Integrating External Knowledge for MRC

Existing work has utilized structured knowledge from KBs/KGs to improve performance on MRC and QA. Existing work has utilized structured knowledge from KBs/KGs to improve performance on MRC and QA. Yang et al. [42] incorporate retrieved knowledge into LSTM by employing an attention mechanism with a sentinel. Bauer et al. [1] select grounded multi-hop relational commonsense information from ConceptNet via pointwise mutual information and term-frequency based scoring function and use a selectively gated attention mechanism to fuse the knowledge. Mihaylov et al. [20] introduce a mixed attention to external knowledge for cloze-style reading comprehension. Chen et al. [2], Wang et al. [33] and Zhong et al. [49] explore the effect of semantic relations from KGs such as ConceptNet on MRC. Wang et al. [32] propose a data enrichment method, which uses WordNet to extract inter-word semantic connections as general knowledge from each given passage-question pair. Xiong et al. [40] retrieve the corresponding entities and relation from text to aggregate answer evidence from an incomplete KB. Yang et al. [41] take BERT as encoder and employ an attention mechanism similar to Yang et al. [42] to fuse globally pre-trained knowledge downstream. Compared to these methods, we mainly focus on plug-in fusion methods and explore token-level multi-hop commonsense representation integration instead of relation embeddings.
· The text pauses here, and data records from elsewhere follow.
lemma join_to_l1_l1_to_join:
  assumes e: "inj e" and y: "y \<in> l1_sphere k"
  shows "join_to_l1 e k j (l1_to_join e k j y) = y"
proof
  note coord = polygon_coord_weights[OF factor_len_cases]
  note vertex = l1_to_join_vertex[OF e]
  fix n show "join_to_l1 e k j (l1_to_join e k j y) n = y n"
  proof (cases "n < 2 * k")
    case True
    define i where "i = n div 2"
    have i: "i < k" using True unfolding i_def by auto
    have "n = 2 * i \<or> n = 2 * i + 1" unfolding i_def by presburger
    then show ?thesis
    proof
      assume n: "n = 2 * i"
      show ?thesis unfolding n join_to_l1_even[OF i] using vertex[OF i] coord(3) by simp
    next
      assume n: "n = 2 * i + 1"
      show ?thesis unfolding n join_to_l1_odd[OF i] using vertex[OF i] coord(4) by simp
    qed
  next
    case False
    then show ?thesis using y unfolding join_to_l1_def l1_sphere_def by auto
  qed
qed

lemma continuous_map_polygon_coord [continuous_intros]:
  assumes "continuous_map X euclideanreal f" "continuous_map X euclideanreal g"
  shows "continuous_map X euclideanreal (\<lambda>y. polygon_coord n (f y) (g y) r)"
  unfolding polygon_coord_def corner_weight_def using assms by (intro continuous_intros) auto

lemma topspace_realization_top: "topspace (realization_top K) = realization K"
  unfolding realization_top_def by simp

lemma realization_homeomorphic_l1_sphere:
  assumes e: "inj e"
  shows "realization_top (embedded_join e k j) homeomorphic_space subtopology (powertop_real UNIV) (l1_sphere k)"
proof (rule homeomorphic_maps_imp_homeomorphic_space)
  show "homeomorphic_maps (realization_top (embedded_join e k j)) (subtopology (powertop_real UNIV) (l1_sphere k))
      (join_to_l1 e k j) (l1_to_join e k j)"
    unfolding homeomorphic_maps_def
  proof (intro conjI ballI)
    show "continuous_map (realization_top (embedded_join e k j)) (subtopology (powertop_real UNIV) (l1_sphere k))
        (join_to_l1 e k j)"
      unfolding continuous_map_in_subtopology
    proof
      show "continuous_map (realization_top (embedded_join e k j)) (powertop_real UNIV) (join_to_l1 e k j)"
        unfolding continuous_map_componentwise_UNIV realization_top_def join_to_l1_def
        by (intro allI continuous_intros) auto
      show "join_to_l1 e k j \<in> topspace (realization_top (embedded_join e k j)) \<rightarrow> l1_sphere k"
        using realization_to_l1_sphere[OF e] unfolding topspace_realization_top by auto
    qed
    show "continuous_map (subtopology (powertop_real UNIV) (l1_sphere k)) (realization_top (embedded_join e k j))
        (l1_to_join e k j)"
      unfolding realization_top_def continuous_map_in_subtopology
    proof
      show "continuous_map (subtopology (powertop_real UNIV) (l1_sphere k)) (powertop_real UNIV) (l1_to_join e k j)"
        unfolding continuous_map_componentwise_UNIV l1_to_join_def
        by (intro allI continuous_intros) auto
      show "l1_to_join e k j \<in> topspace (subtopology (powertop_real UNIV) (l1_sphere k)) \<rightarrow> realization (embedded_join e k j)"
        using l1_to_join_mem_realization[OF e] by auto
    qed
  qed (use realization_to_l1_sphere[OF e] join_to_l1_l1_to_join[OF e] in \<open>auto simp: topspace_realization_top\<close>)
qed

definition l2_sphere :: "nat \<Rightarrow> (nat \<Rightarrow> real) set" where
  "l2_sphere k = {x. (\<Sum>i<2 * k. (x i)\<^sup>2) = 1 \<and> (\<forall>i\<ge>2 * k. x i = 0)}"

lemma nsphere_eq_l2_sphere:
  assumes k: "k \<ge> 1"
  shows "nsphere (2 * k - 1) = subtopology (powertop_real UNIV) (l2_sphere k)"
proof -
  have "{..2 * k - 1} = {..<2 * k}" using k by auto
  moreover have "i > 2 * k - 1 \<longleftrightarrow> i \<ge> 2 * k" for i using k by auto
  ultimately show ?thesis unfolding nsphere l2_sphere_def by simp
qed

definition l1_norm :: "nat \<Rightarrow> (nat \<Rightarrow> real) \<Rightarrow> real" where
  "l1_norm k y = (\<Sum>m<2 * k. \<bar>y m\<bar>)"

definition l2_norm :: "nat \<Rightarrow> (nat \<Rightarrow> real) \<Rightarrow> real" where
  "l2_norm k y = sqrt (\<Sum>m<2 * k. (y m)\<^sup>2)"

lemma l1_norm_pos: "y \<in> l2_sphere k \<Longrightarrow> l1_norm k y > 0"
proof -
  assume "y \<in> l2_sphere k"
  then obtain m where "m < 2 * k" "y m \<noteq> 0"
    unfolding l2_sphere_def by (metis (mono_tags, lifting) lessThan_iff power_zero_numeral sum.neutral zero_neq_one mem_Collect_eq)
  then have "0 < \<bar>y m\<bar>" by simp
  also have "\<bar>y m\<bar> \<le> l1_norm k y" unfolding l1_norm_def using \<open>m < 2 * k\<close> by (intro member_le_sum) auto
  finally show ?thesis .
qed

lemma l2_norm_pos: "y \<in> l1_sphere k \<Longrightarrow> l2_norm k y > 0"
proof -
  assume "y \<in> l1_sphere k"
  then obtain m where "m < 2 * k" "y m \<noteq> 0"
    unfolding l1_sphere_def by (metis (mono_tags, lifting) lessThan_iff abs_zero sum.neutral zero_neq_one mem_Collect_eq)
  then have "0 < (y m)\<^sup>2" by simp
  also have "(y m)\<^sup>2 \<le> (\<Sum>m<2 * k. (y m)\<^sup>2)" using \<open>m < 2 * k\<close> by (intro member_le_sum) auto
  finally show ?thesis unfolding l2_norm_def by simp
qed

lemma l1_sphere_to_l2_sphere:
  assumes y: "y \<in> l1_sphere k"
  shows "(\<lambda>n. y n / l2_norm k y) \<in> l2_sphere k" and "l1_norm k (\<lambda>n. y n / l2_norm k y) = 1 / l2_norm k y"
proof -
  have N: "l2_norm k y > 0" by (rule l2_norm_pos[OF y])
  then have S: "(\<Sum>i<2 * k. (y i)\<^sup>2) > 0" unfolding l2_norm_def by simp
  have "(\<Sum>i<2 * k. (y i / l2_norm k y)\<^sup>2) = (\<Sum>i<2 * k. (y i)\<^sup>2) / (l2_norm k y)\<^sup>2"
    by (simp add: power_divide sum_divide_distrib)
  also have "(l2_norm k y)\<^sup>2 = (\<Sum>i<2 * k. (y i)\<^sup>2)" unfolding l2_norm_def by (simp add: sum_nonneg)
  finally have "(\<Sum>i<2 * k. (y i / l2_norm k y)\<^sup>2) = 1" using S by simp
  then show "(\<lambda>n. y n / l2_norm k y) \<in> l2_sphere k" using N y unfolding l2_sphere_def l1_sphere_def by auto
  show "l1_norm k (\<lambda>n. y n / l2_norm k y) = 1 / l2_norm k y"
    using N y unfolding l1_norm_def l1_sphere_def by (simp add: sum_divide_distrib[symmetric])
qed

lemma l2_sphere_to_l1_sphere:
  assumes z: "z \<in> l2_sphere k"
  shows "(\<lambda>n. z n / l1_norm k z) \<in> l1_sphere k" and "l2_norm k (\<lambda>n. z n / l1_norm k z) = 1 / l1_norm k z"
proof -
  have N: "l1_norm k z > 0" by (rule l1_norm_pos[OF z])
  have "(\<Sum>i<2 * k. \<bar>z i / l1_norm k z\<bar>) = (\<Sum>i<2 * k. \<bar>z i\<bar>) / l1_norm k z"
    using N by (simp add: sum_divide_distrib)
  also have "\<dots> = 1" using N unfolding l1_norm_def by simp
  finally have "(\<Sum>i<2 * k. \<bar>z i / l1_norm k z\<bar>) = 1" .
  then show "(\<lambda>n. z n / l1_norm k z) \<in> l1_sphere k" using N z unfolding l1_sphere_def l2_sphere_def by auto
  have "(\<Sum>i<2 * k. (z i / l1_norm k z)\<^sup>2) = 1 / (l1_norm k z)\<^sup>2"
    using z unfolding l2_sphere_def by (simp add: power_divide sum_divide_distrib[symmetric])
  then show "l2_norm k (\<lambda>n. z n / l1_norm k z) = 1 / l1_norm k z"
    unfolding l2_norm_def using N by (simp add: real_sqrt_divide)
qed

lemma continuous_map_normalize:
  assumes N: "continuous_map (subtopology (powertop_real UNIV) S) euclideanreal N"
    and nonzero: "\<And>y. y \<in> S \<Longrightarrow> N y \<noteq> 0"
  shows "continuous_map (subtopology (powertop_real UNIV) S) (powertop_real UNIV) (\<lambda>y n. y n / N y)"
  unfolding continuous_map_componentwise_UNIV
  using nonzero by (intro allI continuous_intros N) auto

lemma l1_sphere_homeomorphic_nsphere:
  assumes k: "k \<ge> 1"
  shows "subtopology (powertop_real UNIV) (l1_sphere k) homeomorphic_space nsphere (2 * k - 1)"
  unfolding nsphere_eq_l2_sphere[OF k]
proof (rule homeomorphic_maps_imp_homeomorphic_space)
  let ?f = "\<lambda>y n. y n / l2_norm k y" and ?g = "\<lambda>z n. z n / l1_norm k z"
  have cont_l1: "continuous_map (subtopology (powertop_real UNIV) S) euclideanreal (l1_norm k)" for S
    unfolding l1_norm_def by (intro continuous_intros) auto
  have cont_l2: "continuous_map (subtopology (powertop_real UNIV) S) euclideanreal (l2_norm k)" for S
    unfolding l2_norm_def by (intro continuous_intros) auto
  show "homeomorphic_maps (subtopology (powertop_real UNIV) (l1_sphere k)) (subtopology (powertop_real UNIV) (l2_sphere k)) ?f ?g"
    unfolding homeomorphic_maps_def continuous_map_in_subtopology
  proof (intro conjI ballI)
    show "continuous_map (subtopology (powertop_real UNIV) (l1_sphere k)) (powertop_real UNIV) ?f"
      using cont_l2 l2_norm_pos by (intro continuous_map_normalize) force+
    show "continuous_map (subtopology (powertop_real UNIV) (l2_sphere k)) (powertop_real UNIV) ?g"
      using cont_l1 l1_norm_pos by (intro continuous_map_normalize) force+
    fix y assume "y \<in> topspace (subtopology (powertop_real UNIV) (l1_sphere k))"
    then have y: "y \<in> l1_sphere k" by simp
    then show "?g (?f y) = y" using l1_sphere_to_l2_sphere(2)[OF y] l2_norm_pos[OF y] by auto
  next
    fix z assume "z \<in> topspace (subtopology (powertop_real UNIV) (l2_sphere k))"
    then have z: "z \<in> l2_sphere k" by simp
    then show "?f (?g z) = z" using l2_sphere_to_l1_sphere(2)[OF z] l1_norm_pos[OF z] by auto
  qed (use l1_sphere_to_l2_sphere l2_sphere_to_l1_sphere in auto)
qed

lemma flag_sphere_embedded_join:
  assumes e: "inj e" and k: "k \<ge> 1"
  shows "flag_sphere (2 * k - 1) (embedded_join e k j)"
  unfolding flag_sphere_def
  using flag_complex_embedded_join[OF e] homeomorphic_space_trans[OF
      realization_homeomorphic_l1_sphere[OF e] l1_sphere_homeomorphic_nsphere[OF k]] by blast

section \<open>Non-locality of the constant term\<close>

lemma five_four_recurrence_const_eq_0:
  fixes U :: "nat \<Rightarrow> real"
  assumes k: "k \<ge> 1" and rec: "\<forall>j\<le>k. c = 5 * real j * U (j - 1) + 4 * real (k - j) * U j"
  shows "c = 0"
proof -
  define w where "w i = real (k choose i) * (-4) ^ i * 5 ^ (k - i)" for i
  have w_step: "5 * real (Suc j) * w (Suc j) = - 4 * real (k - j) * w j" if "j < k" for j
  proof -
    have "Suc j * (k choose Suc j) = (k - j) * (k choose j)"
      using binomial_absorption[of j k] binomial_absorb_comp[of k j] by simp
    then have binom: "real (Suc j) * real (k choose Suc j) = real (k - j) * real (k choose j)"
      by (metis of_nat_mult)
    have pow5: "(5::real) ^ (k - j) = 5 * 5 ^ (k - Suc j)" using that
      by (metis Suc_diff_Suc power_Suc)
    have "5 * real (Suc j) * w (Suc j) = (real (Suc j) * real (k choose Suc j)) * (-4) ^ Suc j * (5 * 5 ^ (k - Suc j))"
      unfolding w_def by simp
    also have "\<dots> = real (k - j) * real (k choose j) * (-4) ^ Suc j * 5 ^ (k - j)" using binom pow5 by simp
    also have "\<dots> = - 4 * real (k - j) * w j" unfolding w_def by simp
    finally show ?thesis .
  qed
  have partial: "4 * real (k - j) * w j * U j = c * (\<Sum>i\<le>j. w i)" if "j < k" for j
    using that
  proof (induction j)
    case 0
    then show ?case using rec by auto
  next
    case (Suc j)
    have rec_j: "c = 5 * real (Suc j) * U j + 4 * real (k - Suc j) * U (Suc j)"
      using rec Suc.prems by (metis diff_Suc_1 less_imp_le_nat)
    have "c * w (Suc j) = 5 * real (Suc j) * w (Suc j) * U j + 4 * real (k - Suc j) * w (Suc j) * U (Suc j)"
      using rec_j by (simp add: algebra_simps)
    also have "5 * real (Suc j) * w (Suc j) * U j = (- 4 * real (k - j) * w j) * U j"
      using w_step[of j] Suc.prems by (metis Suc_lessD)
    finally have step: "c * w (Suc j) = - (4 * real (k - j) * w j * U j) + 4 * real (k - Suc j) * w (Suc j) * U (Suc j)"
      by simp
    have "4 * real (k - j) * w j * U j = c * (\<Sum>i\<le>j. w i)" using Suc by simp
    with step show ?case by (simp add: algebra_simps)
  qed
  obtain m where m: "k = Suc m" using k by (cases k) auto
  have "c * w k = 5 * real k * w k * U m" using rec m by auto
  also have "\<dots> = - 4 * w m * U m" using w_step[of m] m by simp
  finally have "c * (\<Sum>i\<le>k. w i) = 0" using partial[of m] m by (simp add: algebra_simps)
  moreover have "(\<Sum>i\<le>k. w i) = 1"
    using binomial_ring[of "-4::real" 5 k] unfolding w_def by simp
  ultimately show ?thesis by simp
qed

lemma ex_inj_nat_prod:
  assumes "infinite (UNIV :: 'a set)"
  obtains e :: "nat \<times> nat \<Rightarrow> 'a" where "inj e"
proof -
  obtain f :: "nat \<Rightarrow> 'a" where "inj f" using infinite_countable_subset[OF assms] by blast
  then have "inj (f \<circ> prod_encode)" using inj_prod_encode[of UNIV] by (simp add: inj_compose)
  then show thesis by (rule that)
qed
Injecting knowledge into LMs

Neural networks and deep learning have been widely used in many fields such as computer vision and image processing [10,11,12, 44, 45]. Recently, pre-trained deep language models such as BERT have shown powerful achievements in downstream NLP tasks including MRC. The injection of external knowledge to LMs can be generally divided into two groups. Methods in the first group design auxiliary knowledge-driven objectives and updating parameters in a multi-task learning manner [24, 37, 39, 48], which requires pre-calculating knowledge representation and even pre-training BERT from scratch. The second group is to pre-train external modules to assist LMs [34, 49]. In contrast, our fusion methods are to directly fine-tune on the target MRC datasets.

9 Conclusion

This paper introduces increment BERT with three plug-in fusion methods, which enhances the vanilla BERT with commonsense representations from ConceptNet. We have used pre-computed ConceptNet embeddings as external knowledge representation and introduced a mask mechanism for token-level multi-hop relationship searching to filter external knowledge, so as to enable the self-attention in BERT to identify the knowledge-aware tokens effectively. Our variants of proposed methods have achieved significant improvements over baseline on two knowledge-driven multi-choice datasets. Experiments on few-commonsense dataset RACE shows that the introduction of external knowledge will not cause loss to the original text information understanding. Future work can start with more granular relationships to integrate external knowledge and how to design an effective yet efficient model architecture for practical deployment.